§ Your assignment:
Among the entries below, one stretch runs from the line that contains "then show ?thesis using assms(1)" through the line that contains "using signed_length_eq_endpoint_times[of ys". Repeat that stretch exactly, ends included, and only that.

§ Records supplied:
(* Let $G$ be a temporal network whose TEG $\mathcal{G}$ is weakly connected, with each edge $(e_i,e_j)$ weighted by its inter-event time $\tau((e_i,e_j)) = t_j - t_i$. Consider paths in the underlying undirected graph of $\mathcal{G}$, i.e. sequences of vertices $x_0, x_1, \dots, x_k$ such that for each $r$ either $(x_{r-1},x_r)$ or $(x_r,x_{r-1})$ is an edge of $\mathcal{G}$. The signed length of such a path is $\sum_{r=1}^{k} s_r$, where $s_r = \tau((x_{r-1},x_r))$ if $(x_{r-1},x_r)$ is an edge of $\mathcal{G}$ (forward traversal) and $s_r = -\tau((x_r,x_{r-1}))$ otherwise (backward traversal). Then every path of maximal signed length contains both the earliest event and the latest event of the temporal network.
   Context: A temporal network is $G=G(V,E,T)$, where $V\subset\mathbb{N}$ is a set of nodes, $T\subset\mathbb{R}_{\ge 0}$ a non-empty set of times, and $E\subset V^2\times T$ a finite set of events $e_i=(u_i,v_i,t_i)$, with $u_i\neq v_i$. All event times $t_i$ are distinct, and events are indexed in increasing time order. For $\Delta t \in (0,\infty]$ and an event $e_i$ and a node $w\in\{u_i,v_i\}$, let $S(w;i)=\{k : w\in\{u_k,v_k\},\ 0<t_k-t_i<\Delta t\}$. The $\Delta t$-temporal event graph ($\Delta t$-TEG) is the directed graph whose vertex set is $E$ and whose edges are the pairs $(e_i,e_j)$ with $j=\min S(u_i;i)$ or $j=\min S(v_i;i)$ (i.e. each event is joined to the next event, within time $\Delta t$, of each of its two nodes). The TEG is the $\Delta t$-TEG with $\Delta t=\infty$. *)

theory Defs
  imports Complex_Main "HOL-Library.Extended_Real"
begin

type_synonym event = "nat \<times> nat \<times> real"

definition ev_u :: "event \<Rightarrow> nat" where "ev_u e = fst e"
definition ev_v :: "event \<Rightarrow> nat" where "ev_v e = fst (snd e)"
definition ev_t :: "event \<Rightarrow> real" where "ev_t e = snd (snd e)"

definition temporal_network :: "nat set \<Rightarrow> real set \<Rightarrow> event set \<Rightarrow> bool" where
  "temporal_network V T E \<longleftrightarrow>
     T \<noteq> {} \<and> (\<forall>t\<in>T. 0 \<le> t) \<and> finite E \<and>
     (\<forall>e\<in>E. ev_u e \<in> V \<and> ev_v e \<in> V \<and> ev_t e \<in> T \<and> ev_u e \<noteq> ev_v e) \<and>
     inj_on ev_t E"

definition dt_teg_edge :: "ereal \<Rightarrow> event set \<Rightarrow> event \<Rightarrow> event \<Rightarrow> bool" where
  "dt_teg_edge dt E e e' \<longleftrightarrow> e \<in> E \<and> e' \<in> E \<and>
     (\<exists>w\<in>{ev_u e, ev_v e}.
        w \<in> {ev_u e', ev_v e'} \<and> 0 < ev_t e' - ev_t e \<and> ereal (ev_t e' - ev_t e) < dt \<and>
        (\<forall>e''\<in>E. w \<in> {ev_u e'', ev_v e''} \<and> 0 < ev_t e'' - ev_t e \<and>
                   ereal (ev_t e'' - ev_t e) < dt \<longrightarrow> ev_t e' \<le> ev_t e''))"

definition teg_edge :: "event set \<Rightarrow> event \<Rightarrow> event \<Rightarrow> bool" where
  "teg_edge E = dt_teg_edge \<infinity> E"

definition teg_adj :: "event set \<Rightarrow> event \<Rightarrow> event \<Rightarrow> bool" where
  "teg_adj E x y \<longleftrightarrow> teg_edge E x y \<or> teg_edge E y x"

definition teg_weakly_connected :: "event set \<Rightarrow> bool" where
  "teg_weakly_connected E \<longleftrightarrow> (\<forall>x\<in>E. \<forall>y\<in>E. (teg_adj E)\<^sup>*\<^sup>* x y)"

definition tau :: "event \<times> event \<Rightarrow> real" where
  "tau p = ev_t (snd p) - ev_t (fst p)"

definition teg_upath :: "event set \<Rightarrow> event list \<Rightarrow> bool" where
  "teg_upath E xs \<longleftrightarrow> xs \<noteq> [] \<and> set xs \<subseteq> E \<and>
     (\<forall>r. 0 < r \<and> r < length xs \<longrightarrow> teg_adj E (xs ! (r - 1)) (xs ! r))"

definition step_len :: "event set \<Rightarrow> event \<Rightarrow> event \<Rightarrow> real" where
  "step_len E a b = (if teg_edge E a b then tau (a, b) else - tau (b, a))"

definition signed_length :: "event set \<Rightarrow> event list \<Rightarrow> real" where
  "signed_length E xs = (\<Sum>r = 1..<length xs. step_len E (xs ! (r - 1)) (xs ! r))"

end

theory Submission
  imports Defs
begin

text \<open>A backward step from \<open>a\<close> to \<open>b\<close> contributes \<open>-\<tau>(b,a) = t\<^sub>b - t\<^sub>a\<close>, exactly what a forward
  step contributes, so the signed length of any path telescopes to the time of its last event
  minus the time of its first. Since the TEG is weakly connected, any two events are the
  endpoints of some path; hence a path of maximal signed length starts at an event of minimal
  time and ends at one of maximal time, and distinctness of event times makes these the earliest
  and the latest event.\<close>

lemma step_len_eq_time_diff: "step_len E a b = ev_t b - ev_t a"
  by (simp add: step_len_def tau_def)

lemma signed_length_eq_endpoint_times:
  assumes "xs \<noteq> []"
  shows "signed_length E xs = ev_t (last xs) - ev_t (hd xs)"
proof -
  obtain n where n: "length xs = Suc n" using assms by (cases xs) auto
  have "signed_length E xs = (\<Sum>r = Suc 0..<Suc n. ev_t (xs ! r) - ev_t (xs ! (r - 1)))"
    unfolding signed_length_def n step_len_eq_time_diff by simp
  also have "\<dots> = (\<Sum>i<n. ev_t (xs ! Suc i) - ev_t (xs ! i))"
    by (simp only: sum.shift_bounds_Suc_ivl lessThan_atLeast0 diff_Suc_1)
  also have "\<dots> = ev_t (xs ! n) - ev_t (xs ! 0)"
    by (rule sum_lessThan_telescope)
  finally show ?thesis
    using n assms by (simp add: last_conv_nth hd_conv_nth)
qed

lemma teg_adj_in_events: "teg_adj E a b \<Longrightarrow> a \<in> E \<and> b \<in> E"
  unfolding teg_adj_def teg_edge_def dt_teg_edge_def by auto

lemma teg_upath_snoc:
  assumes "teg_upath E ys" and "teg_adj E (last ys) z"
  shows "teg_upath E (ys @ [z])"
proof -
  have ne: "ys \<noteq> []" and "set ys \<subseteq> E" using assms(1) by (auto simp: teg_upath_def)
  moreover have "z \<in> E" using teg_adj_in_events[OF assms(2)] by blast
  moreover have "teg_adj E ((ys @ [z]) ! (r - 1)) ((ys @ [z]) ! r)"
    if "0 < r" "r < Suc (length ys)" for r
  proof (cases "r < length ys")
    case True
    then show ?thesis using assms(1) that by (auto simp: teg_upath_def nth_append)
  next
    case False
    then have "r = length ys" using that by simp
    then show ?thesis using assms(2) ne by (auto simp: nth_append last_conv_nth)
  qed
  ultimately show ?thesis by (auto simp: teg_upath_def)
qed

lemma teg_upath_if_rtranclp_teg_adj:
  assumes "(teg_adj E)\<^sup>*\<^sup>* x y" and "x \<in> E"
  shows "\<exists>ys. teg_upath E ys \<and> hd ys = x \<and> last ys = y"
  using assms(1)
proof (induction rule: rtranclp_induct)
  case base
  show ?case using assms(2) by (intro exI[of _ "[x]"]) (auto simp: teg_upath_def)
next
  case (step y z)
  then obtain ys where ys: "teg_upath E ys" "hd ys = x" "last ys = y" by blast
  then have "ys \<noteq> []" by (simp add: teg_upath_def)
  then show ?case
    using teg_upath_snoc[of E ys z] ys step.hyps(2) by (intro exI[of _ "ys @ [z]"]) auto
qed

lemma max_signed_length_path_endpoint_times:
  assumes "teg_weakly_connected E"
    and "teg_upath E xs"
    and "\<forall>ys. teg_upath E ys \<longrightarrow> signed_length E ys \<le> signed_length E xs"
    and "e \<in> E"
  shows "ev_t (hd xs) \<le> ev_t e" and "ev_t e \<le> ev_t (last xs)"
proof -
  have ne: "xs \<noteq> []" and "set xs \<subseteq> E" using assms(2) by (auto simp: teg_upath_def)
  then have hd: "hd xs \<in> E" and last: "last xs \<in> E" by auto
  have length_le: "ev_t b - ev_t a \<le> ev_t (last xs) - ev_t (hd xs)"
    if a: "a \<in> E" and b: "b \<in> E" for a b
  proof -
    have "(teg_adj E)\<^sup>*\<^sup>* a b"
      using assms(1) a b by (simp add: teg_weakly_connected_def)
    then obtain ys where ys: "teg_upath E ys" "hd ys = a" "last ys = b"
      using teg_upath_if_rtranclp_teg_adj[OF _ a] by blast
    then have "signed_length E ys = ev_t b - ev_t a"
      using signed_length_eq_endpoint_times[of ys E] by (simp add: teg_upath_def)
    moreover have "signed_length E ys \<le> signed_length E xs"
      using assms(3) ys(1) by blast
    ultimately show ?thesis
      using signed_length_eq_endpoint_times[OF ne] by simp
  qed
  show "ev_t (hd xs) \<le> ev_t e" using length_le[OF assms(4) last] by simp
  show "ev_t e \<le> ev_t (last xs)" using length_le[OF hd assms(4)] by simp
qed

theorem mainTheorem1:
  assumes "temporal_network V T E"
    and "teg_weakly_connected E"
    and "teg_upath E xs"
    and "\<forall>ys. teg_upath E ys \<longrightarrow> signed_length E ys \<le> signed_length E xs"
  shows "(\<forall>e\<in>E. (\<forall>e'\<in>E. ev_t e \<le> ev_t e') \<longrightarrow> e \<in> set xs) \<and>
         (\<forall>e\<in>E. (\<forall>e'\<in>E. ev_t e' \<le> ev_t e) \<longrightarrow> e \<in> set xs)"
proof -
  have ne: "xs \<noteq> []" and "set xs \<subseteq> E" using assms(3) by (auto simp: teg_upath_def)
  then have hd: "hd xs \<in> E" and last: "last xs \<in> E" by auto
  have inj: "inj_on ev_t E" using assms(1) by (simp add: temporal_network_def)
  note endpoint_times = max_signed_length_path_endpoint_times[OF assms(2-4)]
  show ?thesis
  proof (intro conjI ballI impI)
    fix e assume "e \<in> E" and "\<forall>e'\<in>E. ev_t e \<le> ev_t e'"
    then have "ev_t (hd xs) = ev_t e" using endpoint_times(1) hd by (meson order_antisym)
    then have "hd xs = e" using inj hd \<open>e \<in> E\<close> by (meson inj_onD)
    then show "e \<in> set xs" using ne by auto
  next
    fix e assume "e \<in> E" and "\<forall>e'\<in>E. ev_t e' \<le> ev_t e"
    then have "ev_t (last xs) = ev_t e" using endpoint_times(2) last by (meson order_antisym)
    then have "last xs = e" using inj last \<open>e \<in> E\<close> by (meson inj_onD)
    then show "e \<in> set xs" using ne by auto
  qed
qed

end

§ Answer to this problem:
    then show ?thesis using assms(1) that by (auto simp: teg_upath_def nth_append)
  next
    case False
    then have "r = length ys" using that by simp
    then show ?thesis using assms(2) ne by (auto simp: nth_append last_conv_nth)
  qed
  ultimately show ?thesis by (auto simp: teg_upath_def)
qed

lemma teg_upath_if_rtranclp_teg_adj:
  assumes "(teg_adj E)\<^sup>*\<^sup>* x y" and "x \<in> E"
  shows "\<exists>ys. teg_upath E ys \<and> hd ys = x \<and> last ys = y"
  using assms(1)
proof (induction rule: rtranclp_induct)
  case base
  show ?case using assms(2) by (intro exI[of _ "[x]"]) (auto simp: teg_upath_def)
next
  case (step y z)
  then obtain ys where ys: "teg_upath E ys" "hd ys = x" "last ys = y" by blast
  then have "ys \<noteq> []" by (simp add: teg_upath_def)
  then show ?case
    using teg_upath_snoc[of E ys z] ys step.hyps(2) by (intro exI[of _ "ys @ [z]"]) auto
qed

lemma max_signed_length_path_endpoint_times:
  assumes "teg_weakly_connected E"
    and "teg_upath E xs"
    and "\<forall>ys. teg_upath E ys \<longrightarrow> signed_length E ys \<le> signed_length E xs"
    and "e \<in> E"
  shows "ev_t (hd xs) \<le> ev_t e" and "ev_t e \<le> ev_t (last xs)"
proof -
  have ne: "xs \<noteq> []" and "set xs \<subseteq> E" using assms(2) by (auto simp: teg_upath_def)
  then have hd: "hd xs \<in> E" and last: "last xs \<in> E" by auto
  have length_le: "ev_t b - ev_t a \<le> ev_t (last xs) - ev_t (hd xs)"
    if a: "a \<in> E" and b: "b \<in> E" for a b
  proof -
    have "(teg_adj E)\<^sup>*\<^sup>* a b"
      using assms(1) a b by (simp add: teg_weakly_connected_def)
    then obtain ys where ys: "teg_upath E ys" "hd ys = a" "last ys = b"
      using teg_upath_if_rtranclp_teg_adj[OF _ a] by blast
    then have "signed_length E ys = ev_t b - ev_t a"
      using signed_length_eq_endpoint_times[of ys E] by (simp add: teg_upath_def)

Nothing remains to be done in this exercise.